• Instructions to follow: Look through the data below, and copy each line that carries the word "unfolding".

● ● ●

(* Let $d\ge3$, $h\ge1$, and let $\mathbf{x}_0$ be the standard basis vector of $\mathbb{Z}^V$ corresponding to the root $0$. Then the order of the image $\bar{\mathbf{x}}_0$ of $\mathbf{x}_0$ in $G(d,h)$ is $d(d-1)^h$.
   Context: Let $\mathcal{T}(d,h)$ be the rooted tree in which the root $0$ has $d$ children, every vertex at distance $1,\dots,h-1$ from the root has $d-1$ children, and the vertices at distance $h$ are leaves. Let $V$ be its vertex set, $A$ its adjacency matrix, $\Delta := dI-A$, and $\Lambda\subset\mathbb{Z}^V$ the lattice spanned by the rows of $\Delta$. Then $G(d,h):=\mathbb{Z}^V/\Lambda$; for $\mathbf{v}\in\mathbb{Z}^V$, $\bar{\mathbf{v}}$ denotes its image in $G(d,h)$. $\{\mathbf{x}_i:i\in V\}$ is the standard basis of $\mathbb{Z}^V$. *)

theory Defs
  imports Main
begin

text \<open>Vertices of T(d,h) are encoded as lists of child indices along the path
  from the root: the root 0 is the empty list; a vertex at depth k is a list
  [c1,...,ck] with c1 < d (the root has d children) and ci < d-1 for i >= 2
  (non-root inner vertices have d-1 children); depth is at most h.\<close>

definition tree_verts :: "nat \<Rightarrow> nat \<Rightarrow> nat list set" where
  "tree_verts d h = {vs. length vs \<le> h \<and>
      (\<forall>k<length vs. vs ! k < (if k = 0 then d else d - 1))}"

definition tree_root :: "nat list" where
  "tree_root = []"

definition tree_adj :: "nat \<Rightarrow> nat \<Rightarrow> nat list \<Rightarrow> nat list \<Rightarrow> bool" where
  "tree_adj d h u v \<longleftrightarrow> u \<in> tree_verts d h \<and> v \<in> tree_verts d h \<and>
      ((\<exists>c. v = u @ [c]) \<or> (\<exists>c. u = v @ [c]))"

definition adj_matrix :: "nat \<Rightarrow> nat \<Rightarrow> nat list \<Rightarrow> nat list \<Rightarrow> int" where
  "adj_matrix d h i j = (if tree_adj d h i j then 1 else 0)"

definition Delta :: "nat \<Rightarrow> nat \<Rightarrow> nat list \<Rightarrow> nat list \<Rightarrow> int" where
  "Delta d h i j = (if i \<in> tree_verts d h \<and> j \<in> tree_verts d h
      then (if i = j then int d else 0) - adj_matrix d h i j else 0)"

definition Lambda :: "nat \<Rightarrow> nat \<Rightarrow> (nat list \<Rightarrow> int) set" where
  "Lambda d h = {x. \<exists>c :: nat list \<Rightarrow> int.
      x = (\<lambda>j. \<Sum>i\<in>tree_verts d h. c i * Delta d h i j)}"

definition basis_vec :: "nat list \<Rightarrow> nat list \<Rightarrow> int" where
  "basis_vec i = (\<lambda>j. if j = i then 1 else 0)"

definition quot_order :: "('a \<Rightarrow> int) set \<Rightarrow> ('a \<Rightarrow> int) \<Rightarrow> nat" where
  "quot_order L v = (if \<exists>n::nat. n > 0 \<and> (\<lambda>j. int n * v j) \<in> L
      then (LEAST n::nat. n > 0 \<and> (\<lambda>j. int n * v j) \<in> L) else 0)"

end

theory Submission
  imports Defs
begin

text \<open>Working up from the leaves, with e = d - 1 and
  G m = 1 + e + ... + e^m, a vertex at height m and its parent carry the values G m t and
  G (m+1) t, where t is an integer shared by siblings (G m > 0 makes it unique); this rests on
  the recurrence (e + 1) G (m+1) = G (m+2) + e G m. Hence c = t G (h - depth), and the root
  equation gives n = d (G h - G (h-1)) t = d e^h t; t = 1 realises n = d e^h.
  The argument only needs d \<ge> 2.\<close>

definition num_children :: "nat \<Rightarrow> nat \<Rightarrow> nat" where
  "num_children d k = (if k = 0 then d else d - 1)"

lemma finite_tree_verts: "finite (tree_verts d h)"
proof -
  have "tree_verts d h \<subseteq> {xs. set xs \<subseteq> {..<d} \<and> length xs \<le> h}"
    by (auto simp: tree_verts_def in_set_conv_nth split: if_splits; fastforce)
  then show ?thesis
    using finite_lists_length_le[of "{..<d}" h] finite_subset by blast
qed

lemma Nil_in_tree_verts: "[] \<in> tree_verts d h"
  by (simp add: tree_verts_def)

lemma snoc_in_tree_verts_iff:
  "vs @ [a] \<in> tree_verts d h \<longleftrightarrow>
     vs \<in> tree_verts d h \<and> length vs < h \<and> a < num_children d (length vs)"
  by (auto simp: tree_verts_def num_children_def nth_append less_Suc_eq)

lemma butlast_in_tree_verts: "v \<in> tree_verts d h \<Longrightarrow> butlast v \<in> tree_verts d h"
  by (cases v rule: rev_cases) (simp_all add: snoc_in_tree_verts_iff)

lemma tree_verts_children:
  assumes "j \<in> tree_verts d h"
  shows "{i \<in> tree_verts d h. \<exists>a. i = j @ [a]} =
    (if length j < h then (\<lambda>a. j @ [a]) ` {..<num_children d (length j)} else {})"
  using assms by (auto simp: snoc_in_tree_verts_iff)

lemma Delta_column_sum:
  assumes j: "j \<in> tree_verts d h"
  shows "(\<Sum>i\<in>tree_verts d h. c i * Delta d h i j) = int d * c j
     - (if j = [] then 0 else c (butlast j))
     - (if length j < h then (\<Sum>a<num_children d (length j). c (j @ [a])) else 0)"
proof -
  let ?V = "tree_verts d h"
  have parent_iff: "(\<exists>a. j = i @ [a]) \<longleftrightarrow> j \<noteq> [] \<and> i = butlast j" for i
    by (metis butlast_snoc snoc_eq_iff_butlast)
  have "c i * Delta d h i j = (if i = j then int d * c i else 0)
      - (if j \<noteq> [] \<and> i = butlast j then c i else 0) - (if \<exists>a. i = j @ [a] then c i else 0)"
    if "i \<in> ?V" for i
    using that j unfolding Delta_def adj_matrix_def tree_adj_def parent_iff
    by (auto simp: algebra_simps dest: arg_cong[of _ _ length])
  then have "(\<Sum>i\<in>?V. c i * Delta d h i j) = int d * c j
      - (if j = [] then 0 else c (butlast j)) - sum c {i \<in> ?V. \<exists>a. i = j @ [a]}"
    using j butlast_in_tree_verts[OF j] finite_tree_verts[of d h]
    by (simp add: sum_subtractf sum.inter_filter sum.delta' cong: sum.cong)
  also have "sum c {i \<in> ?V. \<exists>a. i = j @ [a]} =
      (if length j < h then (\<Sum>a<num_children d (length j). c (j @ [a])) else 0)"
    unfolding tree_verts_children[OF j] by (simp add: sum.reindex inj_on_def)
  finally show ?thesis .
qed

definition geom_sum :: "int \<Rightarrow> nat \<Rightarrow> int" where
  "geom_sum e m = (\<Sum>k\<le>m. e ^ k)"

lemma geom_sum_0 [simp]: "geom_sum e 0 = 1"
  by (simp add: geom_sum_def)

lemma geom_sum_Suc: "geom_sum e (Suc m) = geom_sum e m + e ^ Suc m"
  by (simp add: geom_sum_def)

lemma geom_sum_Suc_Horner: "geom_sum e (Suc m) = 1 + e * geom_sum e m"
  unfolding geom_sum_def sum.atMost_Suc_shift by (simp add: sum_distrib_left)

lemma geom_sum_pos: "e \<ge> 0 \<Longrightarrow> geom_sum e m > 0"
  by (induction m) (simp_all add: geom_sum_Suc add_pos_nonneg)

lemma geom_sum_recurrence:
  "(e + 1) * geom_sum e (Suc m) = geom_sum e (Suc (Suc m)) + e * geom_sum e m"
  unfolding geom_sum_Suc_Horner[of e "Suc m"] geom_sum_Suc_Horner[of e m]
  by (simp add: algebra_simps)

lemma Delta_column_sum_geom_sum:
  assumes d: "d \<ge> 1" and j: "j \<in> tree_verts d h"
  shows "(\<Sum>i\<in>tree_verts d h. geom_sum (int d - 1) (h - length i) * Delta d h i j)
      = (if j = [] then int d * (int d - 1) ^ h else 0)"
proof -
  define e where "e = int d - 1"
  have d_eq: "int d = e + 1" and children_eq: "int (d - Suc 0) = e"
    using d by (simp_all add: e_def)
  have "length j \<le> h" using j by (simp add: tree_verts_def)
  then consider "j = []" | "j \<noteq> []" "length j = h"
    | m where "j \<noteq> []" "h - length j = Suc m"
    by (metis diff_is_0_eq le_antisym not0_implies_Suc)
  then show ?thesis
  proof cases
    case 1
    show ?thesis
      unfolding Delta_column_sum[OF j] using 1
      by (cases h) (simp_all add: num_children_def e_def geom_sum_Suc algebra_simps)
  next
    case 2
    then have "h - length (butlast j) = Suc 0"
      by (cases j rule: rev_cases) auto
    then show ?thesis
      unfolding Delta_column_sum[OF j] using 2 by (simp add: geom_sum_Suc_Horner d_eq)
  next
    case 3
    then have "h - length (butlast j) = Suc (Suc m)" "h - Suc (length j) = m" "length j < h"
      by (cases j rule: rev_cases; simp)+
    then show ?thesis
      unfolding Delta_column_sum[OF j] using 3 geom_sum_recurrence[of e m]
      by (simp add: num_children_def children_eq d_eq e_def[symmetric])
  qed
qed

lemma root_multiple_in_Lambda:
  assumes "d \<ge> 1"
  shows "(\<lambda>j. int (d * (d - 1) ^ h) * basis_vec tree_root j) \<in> Lambda d h"
proof -
  have column: "int (d * (d - 1) ^ h) * basis_vec tree_root j =
    (\<Sum>i\<in>tree_verts d h. geom_sum (int d - 1) (h - length i) * Delta d h i j)" for j
    using assms Delta_column_sum_geom_sum[OF assms, of j] Nil_in_tree_verts[of d h]
    by (cases "j \<in> tree_verts d h") (auto simp: basis_vec_def tree_root_def Delta_def of_nat_diff)
  then show ?thesis
    unfolding Lambda_def by (intro CollectI exI ext) (rule column)
qed

lemma ex_common_cofactor:
  fixes x g :: int
  assumes "g \<noteq> 0" and "a\<^sub>0 \<in> A"
    and "\<And>a. a \<in> A \<Longrightarrow> \<exists>t. f a = g' * t \<and> x = g * t"
  shows "\<exists>t. x = g * t \<and> (\<forall>a\<in>A. f a = g' * t)"
proof -
  obtain t where t: "x = g * t"
    using assms(2,3) by blast
  have "f a = g' * t" if "a \<in> A" for a
    using assms(1) assms(3)[OF that] t by auto
  with t show ?thesis by blast
qed

lemma Delta_kernel_off_root:
  assumes d: "d \<ge> 2"
    and ker: "\<And>j. j \<in> tree_verts d h \<Longrightarrow> j \<noteq> [] \<Longrightarrow>
      (\<Sum>i\<in>tree_verts d h. c i * Delta d h i j) = 0"
    and v: "v \<in> tree_verts d h" "v \<noteq> []" "length v + m = h"
  shows "\<exists>t. c v = geom_sum (int d - 1) m * t \<and>
      c (butlast v) = geom_sum (int d - 1) (Suc m) * t"
  using v
proof (induction m arbitrary: v)
  case 0
  then have "c (butlast v) = int d * c v"
    using ker[of v] by (simp add: Delta_column_sum)
  then show ?case
    by (simp add: geom_sum_Suc)
next
  case (Suc m)
  define e where "e = int d - 1"
  have children: "v @ [a] \<in> tree_verts d h \<longleftrightarrow> a < d - 1" for a
    using Suc.prems by (simp add: snoc_in_tree_verts_iff num_children_def)
  obtain t where t: "c v = geom_sum e (Suc m) * t"
    and t_children: "\<forall>a\<in>{..<d - 1}. c (v @ [a]) = geom_sum e m * t"
  proof -
    have "\<exists>t. c v = geom_sum e (Suc m) * t \<and>
        (\<forall>a\<in>{..<d - 1}. c (v @ [a]) = geom_sum e m * t)"
    proof (rule ex_common_cofactor)
      show "geom_sum e (Suc m) \<noteq> 0"
        using d geom_sum_pos[of e "Suc m"] by (simp add: e_def)
      show "0 \<in> {..<d - 1}"
        using d by simp
      show "\<exists>t. c (v @ [a]) = geom_sum e m * t \<and> c v = geom_sum e (Suc m) * t"
        if "a \<in> {..<d - 1}" for a
        using Suc.IH[of "v @ [a]"] Suc.prems(3) children that by (simp add: e_def)
    qed
    then show thesis using that by blast
  qed
  have "0 = int d * c v - c (butlast v) - (\<Sum>a<d - 1. c (v @ [a]))"
    using ker[OF Suc.prems(1,2)] Suc.prems by (simp add: Delta_column_sum num_children_def)
  also have "(\<Sum>a<d - 1. c (v @ [a])) = e * geom_sum e m * t"
    using t_children d by (simp add: e_def of_nat_diff)
  finally have "c (butlast v) = ((e + 1) * geom_sum e (Suc m) - e * geom_sum e m) * t"
    using t by (simp add: e_def algebra_simps)
  then have "c (butlast v) = geom_sum e (Suc (Suc m)) * t"
    by (simp add: geom_sum_recurrence)
  with t show ?case
    by (auto simp: e_def)
qed

lemma dvd_of_root_multiple_in_Lambda:
  assumes d: "d \<ge> 2"
    and n: "(\<lambda>j. int n * basis_vec tree_root j) \<in> Lambda d h"
  shows "d * (d - 1) ^ h dvd n"
proof -
  define e where "e = int d - 1"
  obtain c where c: "\<And>j. int n * basis_vec tree_root j =
      (\<Sum>i\<in>tree_verts d h. c i * Delta d h i j)"
    using n unfolding Lambda_def by (auto dest: fun_cong)
  have root_eq: "int n = int d * c [] - (if 0 < h then (\<Sum>a<d. c [a]) else 0)"
    using c[of "[]"]
    by (simp add: Delta_column_sum Nil_in_tree_verts basis_vec_def tree_root_def num_children_def)
  have "\<exists>t. int n = int d * e ^ h * t"
  proof (cases h)
    case 0
    then show ?thesis
      using root_eq by auto
  next
    case (Suc m)
    have root_children: "[a] \<in> tree_verts d h \<longleftrightarrow> a < d" for a
      using snoc_in_tree_verts_iff[of "[]" a d h] Suc
      by (simp add: Nil_in_tree_verts num_children_def)
    have ker: "(\<Sum>i\<in>tree_verts d h. c i * Delta d h i j) = 0" if "j \<noteq> []" for j
      using c[of j] that by (simp add: basis_vec_def tree_root_def)
    obtain t where t: "c [] = geom_sum e (Suc m) * t"
      and t_children: "\<forall>a\<in>{..<d}. c [a] = geom_sum e m * t"
    proof -
      have "\<exists>t. c [] = geom_sum e (Suc m) * t \<and>
          (\<forall>a\<in>{..<d}. c [a] = geom_sum e m * t)"
      proof (rule ex_common_cofactor)
        show "geom_sum e (Suc m) \<noteq> 0"
          using d geom_sum_pos[of e "Suc m"] by (simp add: e_def)
        show "0 \<in> {..<d}"
          using d by simp
        show "\<exists>t. c [a] = geom_sum e m * t \<and> c [] = geom_sum e (Suc m) * t"
          if "a \<in> {..<d}" for a
          using Delta_kernel_off_root[OF d ker, of "[a]" m] root_children that Suc
          by (simp add: e_def)
      qed
      then show thesis using that by blast
    qed
    have "int n = int d * (geom_sum e (Suc m) - geom_sum e m) * t"
      using root_eq t t_children Suc by (simp add: algebra_simps)
    then show ?thesis
      using Suc by (simp add: geom_sum_Suc)
  qed
  then have "int d * e ^ h dvd int n"
    by (auto simp: dvd_def)
  moreover have "int (d * (d - 1) ^ h) = int d * e ^ h"
    using d by (simp add: e_def of_nat_diff)
  ultimately show ?thesis
    by (metis of_nat_dvd_iff)
qed

lemma quot_order_eqI:
  assumes "D > 0" and "(\<lambda>j. int D * v j) \<in> L"
    and "\<And>n. (\<lambda>j. int n * v j) \<in> L \<Longrightarrow> D dvd n"
  shows "quot_order L v = D"
proof -
  have "(LEAST n. n > 0 \<and> (\<lambda>j. int n * v j) \<in> L) = D"
    by (rule Least_equality) (use assms in \<open>auto dest: dvd_imp_le\<close>)
  then show ?thesis
    unfolding quot_order_def using assms(1,2) by auto
qed

theorem proposition7p2:
  fixes d h :: nat
  assumes "d \<ge> 3" and "h \<ge> 1"
  shows "quot_order (Lambda d h) (basis_vec tree_root) = d * (d - 1) ^ h"
proof (rule quot_order_eqI)
  show "d * (d - 1) ^ h > 0"
    using assms(1) by simp
  show "(\<lambda>j. int (d * (d - 1) ^ h) * basis_vec tree_root j) \<in> Lambda d h"
    using assms(1) by (intro root_multiple_in_Lambda) simp
  show "d * (d - 1) ^ h dvd n" if "(\<lambda>j. int n * basis_vec tree_root j) \<in> Lambda d h" for n
    using assms(1) that by (intro dvd_of_root_multiple_in_Lambda) simp_all
qed

end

● ● ●

• The completed task:
    using that j unfolding Delta_def adj_matrix_def tree_adj_def parent_iff
    unfolding tree_verts_children[OF j] by (simp add: sum.reindex inj_on_def)
  unfolding geom_sum_def sum.atMost_Suc_shift by (simp add: sum_distrib_left)
  unfolding geom_sum_Suc_Horner[of e "Suc m"] geom_sum_Suc_Horner[of e m]
      unfolding Delta_column_sum[OF j] using 1
      unfolding Delta_column_sum[OF j] using 2 by (simp add: geom_sum_Suc_Horner d_eq)
      unfolding Delta_column_sum[OF j] using 3 geom_sum_recurrence[of e m]
    unfolding Lambda_def by (intro CollectI exI ext) (rule column)
    using n unfolding Lambda_def by (auto dest: fun_cong)
    unfolding quot_order_def using assms(1,2) by auto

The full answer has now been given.